Silence fell. Arthur stared up at the old Pendragon shield and tried to calm himself. Merlin stood and cleared the dishes, disappearing out the door that led into the rest of Merlin’s strange new home.
When Merlin returned a moment later, he was carrying a large leather-bound book.
“Perhaps this might be easier,” Merlin said. “I kept a record. You could read it. At your own pace... and then I wouldn’t have to...” Merlin took a deep breath, and then continued in a stronger voice. “I have some errands to run.

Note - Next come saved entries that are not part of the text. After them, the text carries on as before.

fun codom :: "'a form \<Rightarrow> 'a form" where
  "codom (Imp A B) = B"
| "codom (Atom x) = Atom x"

definition result_type :: "'a form \<Rightarrow> nat \<Rightarrow> 'a form" where
  "result_type T n = (codom ^^ n) T"

lemma size_codom: "size (codom T) \<le> size T"
  by (cases T) auto

lemma size_result_type: "size (result_type T n) \<le> size T"
  unfolding result_type_def by (induct n) (auto intro: order_trans[OF size_codom])

lemma dtyped_head_var:
  "dtyped G t S \<Longrightarrow> head_var t = Some i \<Longrightarrow> S = result_type (G i) (num_args t)"
proof (induct rule: dtyped.induct)
  case (dtApp G a A B b)
  then have "Imp A B = result_type (G i) (num_args a)" by simp
  then show ?case by (simp add: result_type_def) (metis codom.simps(1))
qed (auto simp: result_type_def)

text \<open>A redex created by substituting \<open>u :: T\<close> into head position is reduced by a substitution
  at the domain of the head's type, a strict subformula of \<open>T\<close>; this gives termination. The last
  equation of \<open>happ\<close> only matters for ill-typed arguments.\<close>

function (sequential) hsubst :: "'a form \<Rightarrow> 'a dbterm \<Rightarrow> nat \<Rightarrow> 'a dbterm \<Rightarrow> 'a dbterm"
  and happ :: "'a form \<Rightarrow> 'a dbterm \<Rightarrow> 'a dbterm \<Rightarrow> 'a dbterm" where
  "hsubst T (DVar j) i u = (if j < i then DVar j else if j = i then lift i 0 u else DVar (j - 1))"
| "hsubst T (DLam S t) i u = DLam S (hsubst T t (Suc i) u)"
| "hsubst T (DApp t1 t2) i u = (if head_var t1 = Some i
      then happ (result_type T (num_args t1)) (hsubst T t1 i u) (hsubst T t2 i u)
      else DApp (hsubst T t1 i u) (hsubst T t2 i u))"
| "happ (Imp A B) (DLam S b) a = hsubst A b 0 a"
| "happ T f a = (if is_DLam f then f else DApp f a)"
  by pat_completeness auto
termination
  by (relation "inv_image (less_than <*lex*> less_than <*lex*> less_than)
     (\<lambda>x. case x of Inl (T, t, _, _) \<Rightarrow> (size T, 1::nat, size t) | Inr (T, _, _) \<Rightarrow> (size T, 0, 0))")
    (auto simp: le_neq_implies_less size_result_type)

lemma not_is_DLam_hsubst: "head_var t \<noteq> Some i \<Longrightarrow> \<not> is_DLam t \<Longrightarrow> \<not> is_DLam (hsubst T t i u)"
  by (cases t) auto

definition subst_compatible :: "'a dbterm \<Rightarrow> nat \<Rightarrow> 'a dbterm \<Rightarrow> bool" where
  "subst_compatible t i u \<longleftrightarrow> (\<forall>w\<in>dfv t. i < w \<longrightarrow> (\<exists>k\<in>dfv u. k + i + 1 \<le> w))"

definition fv_subst :: "'a dbterm \<Rightarrow> nat \<Rightarrow> 'a dbterm \<Rightarrow> nat set" where
  "fv_subst t i u = {w. (w < i \<and> w \<in> dfv t) \<or> (i \<le> w \<and> Suc w \<in> dfv t)
     \<or> (i \<in> dfv t \<and> i \<le> w \<and> w - i \<in> dfv u)}"

lemma subst_compatible_DApp:
  "subst_compatible (DApp t1 t2) i u \<Longrightarrow> subst_compatible t1 i u \<and> subst_compatible t2 i u"
  by (auto simp: subst_compatible_def)

lemma fv_subst_DApp: "fv_subst (DApp t1 t2) i u = fv_subst t1 i u \<union> fv_subst t2 i u"
  by (auto simp: fv_subst_def)

lemma dHRM_app_cond_fv_subst:
  assumes h: "dHRM (DApp t1 t2)" and c: "subst_compatible (DApp t1 t2) i u"
  shows "\<forall>w\<in>fv_subst t1 i u. \<exists>k\<in>fv_subst t2 i u. k \<le> w"
proof
  fix w assume w: "w \<in> fv_subst t1 i u"
  have hc: "\<forall>w\<in>dfv t1. \<exists>k\<in>dfv t2. k \<le> w" using h by simp
  consider "w < i" "w \<in> dfv t1" | "i \<le> w" "Suc w \<in> dfv t1" | "i \<in> dfv t1" "i \<le> w" "w - i \<in> dfv u"
    using w unfolding fv_subst_def by blast
  then show "\<exists>k\<in>fv_subst t2 i u. k \<le> w"
  proof cases
    case 1
    then obtain k where "k \<in> dfv t2" "k \<le> w" using hc by blast
    then show ?thesis using 1 unfolding fv_subst_def by (intro bexI[of _ k]) auto
  next
    case 2
    then obtain k where k: "k \<in> dfv t2" "k \<le> Suc w" using hc by blast
    consider "k < i" | "k = i" | "i < k" by linarith
    then show ?thesis
    proof cases
      case 1 then show ?thesis using k 2 unfolding fv_subst_def by (intro bexI[of _ k]) auto
    next
      case 2
      have "Suc w \<in> dfv (DApp t1 t2)" "i < Suc w" using \<open>i \<le> w\<close> \<open>Suc w \<in> dfv t1\<close> by auto
      then obtain k' where "k' \<in> dfv u" "k' + i + 1 \<le> Suc w" using c unfolding subst_compatible_def by blast
      then show ?thesis using 2 k unfolding fv_subst_def by (intro bexI[of _ "k' + i"]) auto
    next
      case 3
      then obtain k0 where "k = Suc k0" "i \<le> k0" by (cases k) auto
      then show ?thesis using k unfolding fv_subst_def by (intro bexI[of _ k0]) auto
    qed
  next
    case 3
    then obtain k where k: "k \<in> dfv t2" "k \<le> i" using hc by blast
    show ?thesis
    proof (cases "k < i")
      case True then show ?thesis using k 3 unfolding fv_subst_def by (intro bexI[of _ k]) auto
    next
      case False
      then have "k = i" using k by simp
      then show ?thesis using k 3 unfolding fv_subst_def by (intro bexI[of _ w]) auto
    qed
  qed
qed

text \<open>The invariants of \<open>hsubst\<close> and \<open>happ\<close>, as predicates so that they can be proved by the
  mutual induction of the two functions. In \<open>hsubst_sound\<close>, \<open>D\<close> is the context \<open>G\<close> with entry \<open>i\<close>
  removed and \<open>D0\<close> the part of \<open>D\<close> from \<open>i\<close> on, in which \<open>u\<close> is typed.\<close>

definition hsubst_sound :: "'a form \<Rightarrow> 'a dbterm \<Rightarrow> nat \<Rightarrow> 'a dbterm \<Rightarrow> bool" where
  "hsubst_sound T t i u \<longleftrightarrow> (\<forall>G D D0 S. dtyped G t S \<longrightarrow> G i = T
     \<longrightarrow> (\<forall>j. D j = G (if j < i then j else Suc j)) \<longrightarrow> (\<forall>j. D (j + i) = D0 j)
     \<longrightarrow> dtyped D0 u T \<longrightarrow> dnormal t \<longrightarrow> dnormal u \<longrightarrow> dHRM t \<longrightarrow> dHRM u
     \<longrightarrow> subst_compatible t i u \<longrightarrow>
     dtyped D (hsubst T t i u) S \<and> dnormal (hsubst T t i u) \<and> dHRM (hsubst T t i u)
     \<and> dfv (hsubst T t i u) = fv_subst t i u)"

definition happ_sound :: "'a form \<Rightarrow> 'a dbterm \<Rightarrow> 'a dbterm \<Rightarrow> bool" where
  "happ_sound T f a \<longleftrightarrow> (\<forall>D A B. T = Imp A B \<longrightarrow> dtyped D f T \<longrightarrow> dtyped D a A
     \<longrightarrow> dnormal f \<longrightarrow> dnormal a \<longrightarrow> dHRM f \<longrightarrow> dHRM a
     \<longrightarrow> (\<forall>w\<in>dfv f. \<exists>k\<in>dfv a. k \<le> w) \<longrightarrow>
     dtyped D (happ T f a) B \<and> dnormal (happ T f a) \<and> dHRM (happ T f a)
     \<and> dfv (happ T f a) = dfv f \<union> dfv a)"

lemma hsubst_sound_DVar: "hsubst_sound T (DVar j) i u"
  unfolding hsubst_sound_def
proof (intro allI impI)
  fix G D D0 S
  assume t: "dtyped G (DVar j) S" and Gi: "G i = T" and D: "\<forall>j. D j = G (if j < i then j else Suc j)"
    and D0: "\<forall>j. D (j + i) = D0 j" and tu: "dtyped D0 u T" and nu: "dnormal u" and hu: "dHRM u"
  from t have S: "S = G j" by (cases rule: dtyped_DVarE) auto
  consider "j < i" | "j = i" | "i < j" by linarith
  then show "dtyped D (hsubst T (DVar j) i u) S \<and> dnormal (hsubst T (DVar j) i u)
    \<and> dHRM (hsubst T (DVar j) i u) \<and> dfv (hsubst T (DVar j) i u) = fv_subst (DVar j) i u"
  proof cases
    case 1
    then have "D j = S" using D S by simp
    then show ?thesis using 1 by (auto simp: fv_subst_def intro: dtyped_DVar_eq)
  next
    case 2
    have "dtyped D (lift i 0 u) T" using dtyped_lift[OF tu, where k=0 and G'=D and n=i] D0 by simp
    moreover have "w \<in> dfv (lift i 0 u) \<longleftrightarrow> w \<in> fv_subst (DVar j) i u" for w
      using 2 by (auto simp: dfv_lift fv_subst_def image_iff intro: bexI[of _ "w - i"])
    ultimately show ?thesis using 2 S Gi dnormal_lift[OF nu] dHRM_lift[OF hu] by auto
  next
    case 3
    then have "D (j - 1) = S" using D[rule_format, of "j - 1"] S by auto
    then show ?thesis using 3 by (auto simp: fv_subst_def intro: dtyped_DVar_eq)
  qed
qed

lemma hsubst_sound_DLam:
  assumes IH: "hsubst_sound T t (Suc i) u"
  shows "hsubst_sound T (DLam S' t) i u"
  unfolding hsubst_sound_def
proof (intro allI impI)
  fix G D D0 S
  assume tl: "dtyped G (DLam S' t) S" and Gi: "G i = T" and D: "\<forall>j. D j = G (if j < i then j else Suc j)"
    and D0: "\<forall>j. D (j + i) = D0 j" and tu: "dtyped D0 u T" and nl: "dnormal (DLam S' t)"
    and nu: "dnormal u" and hl: "dHRM (DLam S' t)" and hu: "dHRM u" and c: "subst_compatible (DLam S' t) i u"
  from tl obtain S2 where S: "S = Imp S' S2" and tt: "dtyped (case_nat S' G) t S2"
    by (cases rule: dtyped_DLamE) auto
  have D': "\<forall>j. case_nat S' D j = case_nat S' G (if j < Suc i then j else Suc j)"
  proof
    fix j show "case_nat S' D j = case_nat S' G (if j < Suc i then j else Suc j)"
      using D by (cases j) auto
  qed
  have D0': "\<forall>j. case_nat S' D (j + Suc i) = D0 j" using D0 by simp
  have c': "subst_compatible t (Suc i) u"
    unfolding subst_compatible_def
  proof (intro ballI impI)
    fix w assume w: "w \<in> dfv t" "Suc i < w"
    then have "w - 1 \<in> dfv (DLam S' t)" "i < w - 1" by auto
    then obtain k where "k \<in> dfv u" "k + i + 1 \<le> w - 1" using c unfolding subst_compatible_def by blast
    then show "\<exists>k\<in>dfv u. k + Suc i + 1 \<le> w" using w(2) by (intro bexI[of _ k]) auto
  qed
  have "dnormal t" "dHRM t" "case_nat S' G (Suc i) = T" using nl hl Gi by auto
  then have R: "dtyped (case_nat S' D) (hsubst T t (Suc i) u) S2 \<and> dnormal (hsubst T t (Suc i) u)
      \<and> dHRM (hsubst T t (Suc i) u) \<and> dfv (hsubst T t (Suc i) u) = fv_subst t (Suc i) u"
    using IH[unfolded hsubst_sound_def] tt D' D0' tu nu hu c' by blast
  moreover have "dfv (hsubst T (DLam S' t) i u) = fv_subst (DLam S' t) i u"
    using R by (auto simp: fv_subst_def)
  moreover have "0 \<in> dfv (hsubst T t (Suc i) u)" using R hl by (simp add: fv_subst_def)
  ultimately show "dtyped D (hsubst T (DLam S' t) i u) S \<and> dnormal (hsubst T (DLam S' t) i u)
    \<and> dHRM (hsubst T (DLam S' t) i u) \<and> dfv (hsubst T (DLam S' t) i u) = fv_subst (DLam S' t) i u"
    using S by (auto intro: dtLam)
qed

lemma hsubst_sound_DApp:
  assumes IH1: "hsubst_sound T t1 i u" and IH2: "hsubst_sound T t2 i u"
    and IH_happ: "head_var t1 = Some i \<Longrightarrow>
      happ_sound (result_type T (num_args t1)) (hsubst T t1 i u) (hsubst T t2 i u)"
  shows "hsubst_sound T (DApp t1 t2) i u"
  unfolding hsubst_sound_def
proof (intro allI impI)
  fix G D D0 S
  assume ta: "dtyped G (DApp t1 t2) S" and Gi: "G i = T" and D: "\<forall>j. D j = G (if j < i then j else Suc j)"
    and D0: "\<forall>j. D (j + i) = D0 j" and tu: "dtyped D0 u T" and na: "dnormal (DApp t1 t2)"
    and nu: "dnormal u" and ha: "dHRM (DApp t1 t2)" and hu: "dHRM u" and c: "subst_compatible (DApp t1 t2) i u"
  from ta obtain A where t1: "dtyped G t1 (Imp A S)" and t2: "dtyped G t2 A"
    by (cases rule: dtyped_DAppE) auto
  have "dnormal t1" "dHRM t1" "dnormal t2" "dHRM t2" using na ha by auto
  with IH1 IH2 t1 t2 Gi D D0 tu nu hu subst_compatible_DApp[OF c]
  have R1: "dtyped D (hsubst T t1 i u) (Imp A S) \<and> dnormal (hsubst T t1 i u)
      \<and> dHRM (hsubst T t1 i u) \<and> dfv (hsubst T t1 i u) = fv_subst t1 i u"
    and R2: "dtyped D (hsubst T t2 i u) A \<and> dnormal (hsubst T t2 i u)
      \<and> dHRM (hsubst T t2 i u) \<and> dfv (hsubst T t2 i u) = fv_subst t2 i u"
    unfolding hsubst_sound_def by blast+
  have dom: "\<forall>w\<in>dfv (hsubst T t1 i u). \<exists>k\<in>dfv (hsubst T t2 i u). k \<le> w"
    using dHRM_app_cond_fv_subst[OF ha c] R1 R2 by simp
  show "dtyped D (hsubst T (DApp t1 t2) i u) S \<and> dnormal (hsubst T (DApp t1 t2) i u)
    \<and> dHRM (hsubst T (DApp t1 t2) i u) \<and> dfv (hsubst T (DApp t1 t2) i u) = fv_subst (DApp t1 t2) i u"
  proof (cases "head_var t1 = Some i")
    case True
    have rt: "result_type T (num_args t1) = Imp A S" using dtyped_head_var[OF t1 True] Gi by simp
    then have "happ_sound (Imp A S) (hsubst T t1 i u) (hsubst T t2 i u)" using IH_happ[OF True] by simp
    then have "dtyped D (happ (Imp A S) (hsubst T t1 i u) (hsubst T t2 i u)) S
      \<and> dnormal (happ (Imp A S) (hsubst T t1 i u) (hsubst T t2 i u))
      \<and> dHRM (happ (Imp A S) (hsubst T t1 i u) (hsubst T t2 i u))
      \<and> dfv (happ (Imp A S) (hsubst T t1 i u) (hsubst T t2 i u)) = dfv (hsubst T t1 i u) \<union> dfv (hsubst T t2 i u)"
      using R1 R2 dom unfolding happ_sound_def by blast
    then show ?thesis using True rt R1 R2 by (simp add: fv_subst_DApp)
  next
    case False
    have "\<not> is_DLam (hsubst T t1 i u)" using not_is_DLam_hsubst[OF False] na by simp
    then show ?thesis using False R1 R2 dom by (auto simp: fv_subst_DApp intro: dtApp)
  qed
qed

I could leave this with you and you could read while I’m gone.”
“Very well,” Arthur nodded.
Merlin smiled, and placed the book on the desk in front of Arthur. “Good. I should be back by lunch. You’ve had breakfast, so you shouldn’t need anything before then.” Merlin paused in thought, and then added. “Before I go, let me show you where the toilet is.”
“What’s a toilet?”
Merlin’s record was a list by year of every event that Merlin had thought important - alliances, laws, wars, and the deaths of everyone Arthur had ever known.
Gwen’s death was the hardest to read, though it was peaceful and of old-age, happy in her kingdom, surrounded by the love of her family and the people of Camelot - it was everything Arthur would have wished for her, save only for the fact that he was not there to go with her to the next life.
It was after the account of Gwen’s death that Merlin had left his first personal note in the record. The final entry for that year read as:
- I miss you.
As the record continued, Merlin’s personal notes became more frequent, just as the events that he deemed noteworthy during the year became fewer.
- I’m getting old, Arthur, older than Gaius ever was. What will happen if I die before you return?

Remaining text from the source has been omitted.